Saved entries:
>>
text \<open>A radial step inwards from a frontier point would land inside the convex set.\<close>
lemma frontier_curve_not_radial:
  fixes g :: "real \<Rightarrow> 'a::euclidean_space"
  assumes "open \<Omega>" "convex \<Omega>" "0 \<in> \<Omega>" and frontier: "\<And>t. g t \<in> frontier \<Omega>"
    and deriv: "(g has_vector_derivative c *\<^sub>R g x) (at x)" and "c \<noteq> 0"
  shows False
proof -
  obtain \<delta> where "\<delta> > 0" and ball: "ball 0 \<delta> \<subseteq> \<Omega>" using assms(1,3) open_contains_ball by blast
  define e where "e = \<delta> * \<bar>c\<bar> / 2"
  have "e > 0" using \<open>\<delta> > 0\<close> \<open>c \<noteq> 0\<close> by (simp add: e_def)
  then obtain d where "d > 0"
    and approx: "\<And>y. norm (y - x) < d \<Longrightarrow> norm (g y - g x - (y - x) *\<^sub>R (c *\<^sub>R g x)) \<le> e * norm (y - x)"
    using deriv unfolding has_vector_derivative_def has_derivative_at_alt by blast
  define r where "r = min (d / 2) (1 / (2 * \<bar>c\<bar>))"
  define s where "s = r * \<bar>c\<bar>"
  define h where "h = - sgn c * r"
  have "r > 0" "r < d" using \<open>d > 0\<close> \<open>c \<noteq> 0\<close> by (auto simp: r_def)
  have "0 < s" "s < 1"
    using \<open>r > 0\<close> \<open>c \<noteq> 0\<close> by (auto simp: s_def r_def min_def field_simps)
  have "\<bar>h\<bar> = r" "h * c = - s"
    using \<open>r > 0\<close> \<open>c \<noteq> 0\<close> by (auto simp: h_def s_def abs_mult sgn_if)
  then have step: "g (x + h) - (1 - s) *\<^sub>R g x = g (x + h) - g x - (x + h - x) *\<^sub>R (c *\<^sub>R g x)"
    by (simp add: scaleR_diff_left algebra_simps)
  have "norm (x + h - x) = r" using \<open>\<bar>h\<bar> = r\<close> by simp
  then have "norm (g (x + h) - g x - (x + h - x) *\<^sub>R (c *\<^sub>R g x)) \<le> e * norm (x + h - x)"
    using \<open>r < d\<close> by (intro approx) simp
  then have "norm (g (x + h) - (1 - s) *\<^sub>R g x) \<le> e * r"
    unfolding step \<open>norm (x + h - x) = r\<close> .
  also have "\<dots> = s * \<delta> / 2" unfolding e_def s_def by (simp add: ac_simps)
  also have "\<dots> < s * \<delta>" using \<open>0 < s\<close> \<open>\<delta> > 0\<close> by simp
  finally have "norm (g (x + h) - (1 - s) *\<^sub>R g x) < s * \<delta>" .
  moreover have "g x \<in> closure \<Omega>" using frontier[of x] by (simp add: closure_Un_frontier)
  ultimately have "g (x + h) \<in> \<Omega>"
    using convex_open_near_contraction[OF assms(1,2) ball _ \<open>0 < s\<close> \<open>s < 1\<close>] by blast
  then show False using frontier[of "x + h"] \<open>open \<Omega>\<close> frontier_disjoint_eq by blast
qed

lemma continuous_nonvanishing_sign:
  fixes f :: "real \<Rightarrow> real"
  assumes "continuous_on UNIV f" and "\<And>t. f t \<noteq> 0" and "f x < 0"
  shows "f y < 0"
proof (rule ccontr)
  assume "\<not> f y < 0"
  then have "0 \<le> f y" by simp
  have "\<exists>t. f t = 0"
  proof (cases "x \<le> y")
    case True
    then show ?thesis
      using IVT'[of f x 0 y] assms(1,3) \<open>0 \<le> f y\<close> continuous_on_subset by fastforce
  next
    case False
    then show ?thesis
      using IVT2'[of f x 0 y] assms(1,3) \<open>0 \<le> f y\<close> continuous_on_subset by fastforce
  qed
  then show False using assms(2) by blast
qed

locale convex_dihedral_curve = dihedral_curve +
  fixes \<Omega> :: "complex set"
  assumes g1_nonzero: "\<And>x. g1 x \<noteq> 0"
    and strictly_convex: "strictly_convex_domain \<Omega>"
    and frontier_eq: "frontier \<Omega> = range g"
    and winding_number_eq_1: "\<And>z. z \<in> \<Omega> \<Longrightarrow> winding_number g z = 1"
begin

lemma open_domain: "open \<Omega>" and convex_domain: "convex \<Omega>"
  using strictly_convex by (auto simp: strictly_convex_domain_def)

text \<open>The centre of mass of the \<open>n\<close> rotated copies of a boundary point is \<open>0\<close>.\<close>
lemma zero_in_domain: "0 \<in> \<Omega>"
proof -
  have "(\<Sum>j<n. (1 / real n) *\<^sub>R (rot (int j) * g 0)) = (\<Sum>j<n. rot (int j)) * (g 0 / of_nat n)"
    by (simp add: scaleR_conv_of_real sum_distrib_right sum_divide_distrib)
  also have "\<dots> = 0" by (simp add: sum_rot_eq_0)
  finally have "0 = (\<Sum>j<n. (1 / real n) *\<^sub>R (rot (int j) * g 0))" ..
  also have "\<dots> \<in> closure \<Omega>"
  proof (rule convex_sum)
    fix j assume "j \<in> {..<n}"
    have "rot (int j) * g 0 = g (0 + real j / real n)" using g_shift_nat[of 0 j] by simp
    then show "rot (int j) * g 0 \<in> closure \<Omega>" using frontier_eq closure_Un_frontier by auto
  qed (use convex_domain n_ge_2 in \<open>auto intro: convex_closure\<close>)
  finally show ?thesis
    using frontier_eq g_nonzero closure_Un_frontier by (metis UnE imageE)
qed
<<
- Exercise directions:
Above are the records; copy all of them exactly.

- Task solution:
text \<open>A radial step inwards from a frontier point would land inside the convex set.\<close>
lemma frontier_curve_not_radial:
  fixes g :: "real \<Rightarrow> 'a::euclidean_space"
  assumes "open \<Omega>" "convex \<Omega>" "0 \<in> \<Omega>" and frontier: "\<And>t. g t \<in> frontier \<Omega>"
    and deriv: "(g has_vector_derivative c *\<^sub>R g x) (at x)" and "c \<noteq> 0"
  shows False
proof -
  obtain \<delta> where "\<delta> > 0" and ball: "ball 0 \<delta> \<subseteq> \<Omega>" using assms(1,3) open_contains_ball by blast
  define e where "e = \<delta> * \<bar>c\<bar> / 2"
  have "e > 0" using \<open>\<delta> > 0\<close> \<open>c \<noteq> 0\<close> by (simp add: e_def)
  then obtain d where "d > 0"
    and approx: "\<And>y. norm (y - x) < d \<Longrightarrow> norm (g y - g x - (y - x) *\<^sub>R (c *\<^sub>R g x)) \<le> e * norm (y - x)"
    using deriv unfolding has_vector_derivative_def has_derivative_at_alt by blast
  define r where "r = min (d / 2) (1 / (2 * \<bar>c\<bar>))"
  define s where "s = r * \<bar>c\<bar>"
  define h where "h = - sgn c * r"
  have "r > 0" "r < d" using \<open>d > 0\<close> \<open>c \<noteq> 0\<close> by (auto simp: r_def)
  have "0 < s" "s < 1"
    using \<open>r > 0\<close> \<open>c \<noteq> 0\<close> by (auto simp: s_def r_def min_def field_simps)
  have "\<bar>h\<bar> = r" "h * c = - s"
    using \<open>r > 0\<close> \<open>c \<noteq> 0\<close> by (auto simp: h_def s_def abs_mult sgn_if)
  then have step: "g (x + h) - (1 - s) *\<^sub>R g x = g (x + h) - g x - (x + h - x) *\<^sub>R (c *\<^sub>R g x)"
    by (simp add: scaleR_diff_left algebra_simps)
  have "norm (x + h - x) = r" using \<open>\<bar>h\<bar> = r\<close> by simp
  then have "norm (g (x + h) - g x - (x + h - x) *\<^sub>R (c *\<^sub>R g x)) \<le> e * norm (x + h - x)"
    using \<open>r < d\<close> by (intro approx) simp
  then have "norm (g (x + h) - (1 - s) *\<^sub>R g x) \<le> e * r"
    unfolding step \<open>norm (x + h - x) = r\<close> .
  also have "\<dots> = s * \<delta> / 2" unfolding e_def s_def by (simp add: ac_simps)
  also have "\<dots> < s * \<delta>" using \<open>0 < s\<close> \<open>\<delta> > 0\<close> by simp
  finally have "norm (g (x + h) - (1 - s) *\<^sub>R g x) < s * \<delta>" .
  moreover have "g x \<in> closure \<Omega>" using frontier[of x] by (simp add: closure_Un_frontier)
  ultimately have "g (x + h) \<in> \<Omega>"
    using convex_open_near_contraction[OF assms(1,2) ball _ \<open>0 < s\<close> \<open>s < 1\<close>] by blast
  then show False using frontier[of "x + h"] \<open>open \<Omega>\<close> frontier_disjoint_eq by blast
qed

lemma continuous_nonvanishing_sign:
  fixes f :: "real \<Rightarrow> real"
  assumes "continuous_on UNIV f" and "\<And>t. f t \<noteq> 0" and "f x < 0"
  shows "f y < 0"
proof (rule ccontr)
  assume "\<not> f y < 0"
  then have "0 \<le> f y" by simp
  have "\<exists>t. f t = 0"
  proof (cases "x \<le> y")
    case True
    then show ?thesis
      using IVT'[of f x 0 y] assms(1,3) \<open>0 \<le> f y\<close> continuous_on_subset by fastforce
  next
    case False
    then show ?thesis
      using IVT2'[of f x 0 y] assms(1,3) \<open>0 \<le> f y\<close> continuous_on_subset by fastforce
  qed
  then show False using assms(2) by blast
qed

locale convex_dihedral_curve = dihedral_curve +
  fixes \<Omega> :: "complex set"
  assumes g1_nonzero: "\<And>x. g1 x \<noteq> 0"
    and strictly_convex: "strictly_convex_domain \<Omega>"
    and frontier_eq: "frontier \<Omega> = range g"
    and winding_number_eq_1: "\<And>z. z \<in> \<Omega> \<Longrightarrow> winding_number g z = 1"
begin

lemma open_domain: "open \<Omega>" and convex_domain: "convex \<Omega>"
  using strictly_convex by (auto simp: strictly_convex_domain_def)

text \<open>The centre of mass of the \<open>n\<close> rotated copies of a boundary point is \<open>0\<close>.\<close>
lemma zero_in_domain: "0 \<in> \<Omega>"
proof -
  have "(\<Sum>j<n. (1 / real n) *\<^sub>R (rot (int j) * g 0)) = (\<Sum>j<n. rot (int j)) * (g 0 / of_nat n)"
    by (simp add: scaleR_conv_of_real sum_distrib_right sum_divide_distrib)
  also have "\<dots> = 0" by (simp add: sum_rot_eq_0)
  finally have "0 = (\<Sum>j<n. (1 / real n) *\<^sub>R (rot (int j) * g 0))" ..
  also have "\<dots> \<in> closure \<Omega>"
  proof (rule convex_sum)
    fix j assume "j \<in> {..<n}"
    have "rot (int j) * g 0 = g (0 + real j / real n)" using g_shift_nat[of 0 j] by simp
    then show "rot (int j) * g 0 \<in> closure \<Omega>" using frontier_eq closure_Un_frontier by auto
  qed (use convex_domain n_ge_2 in \<open>auto intro: convex_closure\<close>)
  finally show ?thesis
    using frontier_eq g_nonzero closure_Un_frontier by (metis UnE imageE)
qed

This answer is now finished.